Aleksa Damjanović

Personal information
- Date of birth: 4 December 2008 (age 17)
- Place of birth: Belgrade, Serbia
- Height: 1.99 m (6 ft 6 in)
- Position: Striker

Team information
- Current team: Bayer Leverkusen

Youth career
- 0000–2025: Red Star Belgrade

Senior career*
- Years: Team / Apps / (Gls)
- 2025–2026: Red Star Belgrade / 7 / (0)
- 2025–2026: → Grafičar (dual) / 18 / (0)
- 2026–: Bayer Leverkusen / 0 / (0)

International career^{‡}
- 2022: Serbia U15 / 5 / (1)
- 2023–2024: Serbia U16 / 3 / (3)
- 2024–2025: Serbia U17 / 16 / (5)
- 2025–: Serbia U19 / 12 / (1)

= Aleksa Damjanović =

Serbian footballer (born 2008)

Aleksa Damjanović (Алекса Дамјановић; born 4 December 2008) is a Serbian professional footballer who plays as a striker for German club Bayer Leverkusen.

==Club career==
Damjanović was the top scorer in the Serbian Youth League with 21 goals in the 2024–25 season. That season, he also featured in the UEFA Youth League for Red Star Belgrade U-19. Having trained with the first-team in the pre-season ahead of the 2025–26 season as a 16-year-old, he made his senior debut in the Serbian SuperLiga for Red Star Belgrade against FK TSC on 9 August 2025 in a 1–0 home win for his side.
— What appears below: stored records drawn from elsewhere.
definition subst_compatible :: "(('x list \<Rightarrow> 'k::field) \<Rightarrow> ('x list \<Rightarrow> 'k) \<Rightarrow> ('x list \<Rightarrow> 'k)) \<Rightarrow> bool" where
  "subst_compatible op \<longleftrightarrow>
     (\<forall>A p q. p \<in> fa_carrier A \<longrightarrow> q \<in> fa_carrier A \<longrightarrow> op p q \<in> fa_carrier A)
   \<and> (\<forall>\<sigma> p q. finite (supp p) \<longrightarrow> finite (supp q) \<longrightarrow> fa_eval \<sigma> (op p q) = op (fa_eval \<sigma> p) (fa_eval \<sigma> q))"

lemma subst_compatible_carrier:
  "subst_compatible op \<Longrightarrow> p \<in> fa_carrier A \<Longrightarrow> q \<in> fa_carrier A \<Longrightarrow> op p q \<in> fa_carrier A"
  by (simp add: subst_compatible_def)

lemma subst_compatible_fa_eval:
  "subst_compatible op \<Longrightarrow> finite (supp p) \<Longrightarrow> finite (supp q) \<Longrightarrow> fa_eval \<sigma> (op p q) = op (fa_eval \<sigma> p) (fa_eval \<sigma> q)"
  by (simp add: subst_compatible_def)

lemma subst_compatible_fa_add: "subst_compatible fa_add"
  by (simp add: subst_compatible_def fa_add_carrier fa_eval_add)

lemma subst_compatible_fa_mul: "subst_compatible fa_mul"
  by (simp add: subst_compatible_def fa_mul_carrier fa_eval_mul)

locale three_letters = var_fixing_auto \<Phi> x0
  for \<Phi> :: "'x set \<Rightarrow> 'x set \<Rightarrow> (('x list \<Rightarrow> 'k::field) \<Rightarrow> ('x list \<Rightarrow> 'k)) \<Rightarrow> (('x list \<Rightarrow> 'k) \<Rightarrow> ('x list \<Rightarrow> 'k))"
    and x0 :: 'x +
  fixes x y z :: 'x
  assumes xy: "x \<noteq> y" and xz: "x \<noteq> z" and yz: "y \<noteq> z"
begin

definition subst_xy :: "('x list \<Rightarrow> 'k) \<Rightarrow> ('x list \<Rightarrow> 'k) \<Rightarrow> 'x \<Rightarrow> ('x list \<Rightarrow> 'k)" where
  "subst_xy u v = (\<lambda>c. if c = x then u else v)"

text \<open>By naturality of \<open>s\<close>, the law of an operation \<open>\<star>\<close> determines \<open>s (u \<star> v)\<close> from \<open>s u\<close>
  and \<open>s v\<close> in every free algebra.\<close>

definition law :: "(('x list \<Rightarrow> 'k) \<Rightarrow> ('x list \<Rightarrow> 'k) \<Rightarrow> ('x list \<Rightarrow> 'k)) \<Rightarrow> 'x list \<Rightarrow> 'k" where
  "law op = s {x,y} (op (fa_var x) (fa_var y))"

context
  fixes op :: "('x list \<Rightarrow> 'k) \<Rightarrow> ('x list \<Rightarrow> 'k) \<Rightarrow> ('x list \<Rightarrow> 'k)"
  assumes op: "subst_compatible op"
begin

lemma law_carrier: "law op \<in> fa_carrier {x,y}"
  unfolding law_def by (intro s_carrier subst_compatible_carrier[OF op] fa_var_carrier) auto

lemma s_via_law:
  assumes B: "finite B" and u: "u \<in> fa_carrier B" and v: "v \<in> fa_carrier B"
  shows "s B (op u v) = fa_eval (subst_xy (s B u) (s B v)) (law op)"
proof -
  have "s B (op u v) = s B (fa_eval (subst_xy u v) (op (fa_var x) (fa_var y)))"
    using xy by (simp add: subst_compatible_fa_eval[OF op] subst_xy_def)
  also have "\<dots> = fa_eval (\<lambda>c. s B (subst_xy u v c)) (law op)"
    unfolding law_def using u v by (intro s_fa_eval[OF _ B]) (auto simp: subst_xy_def intro: subst_compatible_carrier[OF op] fa_var_carrier)
  also have "\<dots> = fa_eval (subst_xy (s B u) (s B v)) (law op)"
    by (rule fa_eval_cong[OF law_carrier]) (auto simp: subst_xy_def)
  finally show ?thesis .
qed

lemma s_op_var_const:
  "s {x} (op (fa_var x) (fa_const c)) = fa_eval (subst_xy (fa_var x) (fa_const (s_scalar c))) (law op)"
  using s_via_law[of "{x}" "fa_var x" "fa_const c"] by (simp add: fa_var_carrier s_var s_const)

lemma law_assoc:
  assumes assoc: "\<And>a b c. op (op a b) c = op a (op b c)"
  shows "fa_eval (subst_xy (law op) (fa_var z)) (law op)
       = fa_eval (subst_xy (fa_var x) (fa_eval (subst_xy (fa_var y) (fa_var z)) (law op))) (law op)"
proof -
  let ?B = "{x,y,z}"
  have vx: "fa_var x \<in> fa_carrier ?B" and vy: "fa_var y \<in> fa_carrier ?B" and vz: "fa_var z \<in> fa_carrier ?B"
    by (auto intro: fa_var_carrier)
  have fB: "finite ?B" by simp
  note via = s_via_law[OF fB]
  have "s ?B (op (fa_var x) (fa_var y)) = fa_eval (subst_xy (fa_var x) (fa_var y)) (law op)"
    using via[OF vx vy] by (simp add: s_var)
  also have "\<dots> = fa_eval fa_var (law op)"
    by (rule fa_eval_cong[OF law_carrier]) (auto simp: subst_xy_def)
  also have "\<dots> = law op"
    using law_carrier by (simp add: fa_eval_fa_var fa_carrier_finite_supp)
  finally have sxy: "s ?B (op (fa_var x) (fa_var y)) = law op" .
  have syz: "s ?B (op (fa_var y) (fa_var z)) = fa_eval (subst_xy (fa_var y) (fa_var z)) (law op)"
    using via[OF vy vz] by (simp add: s_var)
  have "s ?B (op (op (fa_var x) (fa_var y)) (fa_var z)) = fa_eval (subst_xy (law op) (fa_var z)) (law op)"
    using via[OF subst_compatible_carrier[OF op vx vy] vz] by (simp add: s_var sxy)
  moreover have "s ?B (op (fa_var x) (op (fa_var y) (fa_var z)))
      = fa_eval (subst_xy (fa_var x) (fa_eval (subst_xy (fa_var y) (fa_var z)) (law op))) (law op)"
    using via[OF vx subst_compatible_carrier[OF op vy vz]] by (simp add: s_var syz)
  ultimately show ?thesis by (simp add: assoc)
qed

end

abbreviation bilinear_words :: "'x list set" where
  "bilinear_words \<equiv> {[], [x], [y], [x,y], [y,x]}"

lemma supp_subset_bilinear_words:
  assumes "F \<in> fa_carrier {x,y}" and "\<forall>u\<in>supp F. count_list u x \<le> 1" and "\<forall>u\<in>supp F. count_list u y \<le> 1"
  shows "supp F \<subseteq> bilinear_words"
proof
  fix u assume u: "u \<in> supp F"
  then have "set u \<subseteq> {x,y}" using assms(1) by (auto simp: fa_carrier_iff)
  then show "u \<in> bilinear_words" using words_of_degree_le_one[OF xy] assms(2,3) u by blast
qed

lemma fa_eval_bilinear:
  fixes F :: "'x list \<Rightarrow> 'k"
  assumes "supp F \<subseteq> bilinear_words"
  shows "fa_eval \<sigma> F t = F [] * fa_const 1 t + F [x] * \<sigma> x t + F [y] * \<sigma> y t
     + F [x,y] * fa_mul (\<sigma> x) (\<sigma> y) t + F [y,x] * fa_mul (\<sigma> y) (\<sigma> x) t"
  using assms xy by (subst fa_eval_superset[of bilinear_words]) auto

lemma bilinear_expand:
  fixes F :: "'x list \<Rightarrow> 'k"
  assumes "supp F \<subseteq> bilinear_words"
  shows "F t = (if t = [] then F [] else 0) + (if t = [x] then F [x] else 0) + (if t = [y] then F [y] else 0)
     + (if t = [x,y] then F [x,y] else 0) + (if t = [y,x] then F [y,x] else 0)"
proof (cases "t \<in> bilinear_words")
  case False
  then have "F t = 0" using assms by (auto simp: supp_def)
  then show ?thesis using False by auto
qed (use xy in auto)

lemma law_assoc_coeff:
  fixes F :: "'x list \<Rightarrow> 'k"
  assumes S: "supp F \<subseteq> bilinear_words"
    and E: "fa_eval (subst_xy F (fa_var z)) F = fa_eval (subst_xy (fa_var x) (fa_eval (subst_xy (fa_var y) (fa_var z)) F)) F"
  shows "F [x,y] * F [y,x] = 0"
proof -
  have out: "F t = 0" if "t \<notin> bilinear_words" for t using that S by (auto simp: supp_def)
  have "fa_eval (subst_xy F (fa_var z)) F [y,x,z]
      = fa_eval (subst_xy (fa_var x) (fa_eval (subst_xy (fa_var y) (fa_var z)) F)) F [y,x,z]"
    using E by simp
  then show ?thesis
    using xy xz yz
    by (simp add: fa_eval_bilinear[OF S] subst_xy_def fa_mul_at_singleton fa_mul_at_pair fa_mul_at_triple
        fa_var_def fa_const_def out)
qed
He agreed a dual registration deal, making him eligible to play for RFK Grafičar Beograd in the Serbian First League during the 2025–26 season. In September 2025, he signed a new three-year contract with Red Star.

On 13 February 2026, it was announced that he would transfer to Bayer Leverkusen at the start of the 2026–27 season.

==International career==
He is youth international for Serbia, representing Serbia national under-17 football team.

==Career statistics==

Appearances and goals by club, season and competition
| Club | Season | League |  |  | Serbian Cup |  | Europe |  | Other |  | Total |  |
| Division | Apps | Goals | Apps | Goals | Apps | Goals | Apps | Goals | Apps | Goals |
| Red Star Belgrade | 2025–26 | Serbian SuperLiga | 7 | 0 | 0 | 0 | 0 | 0 | — |  | 7 | 0 |
| Grafičar (loan) | 2025–26 | Serbian First League | 6 | 0 | 1 | 1 | — |  | — |  | 7 | 1 |
| Career total |  |  | 13 | 0 | 1 | 1 | 0 | 0 | 0 | 0 | 14 | 1 |

==Honours==

Red Star
- Serbian SuperLiga: 2025–26
- Serbian Cup: 2025–26

==Personal life==
Born in Belgrade, he is the son of Serbian international footballer Jovan Damjanović.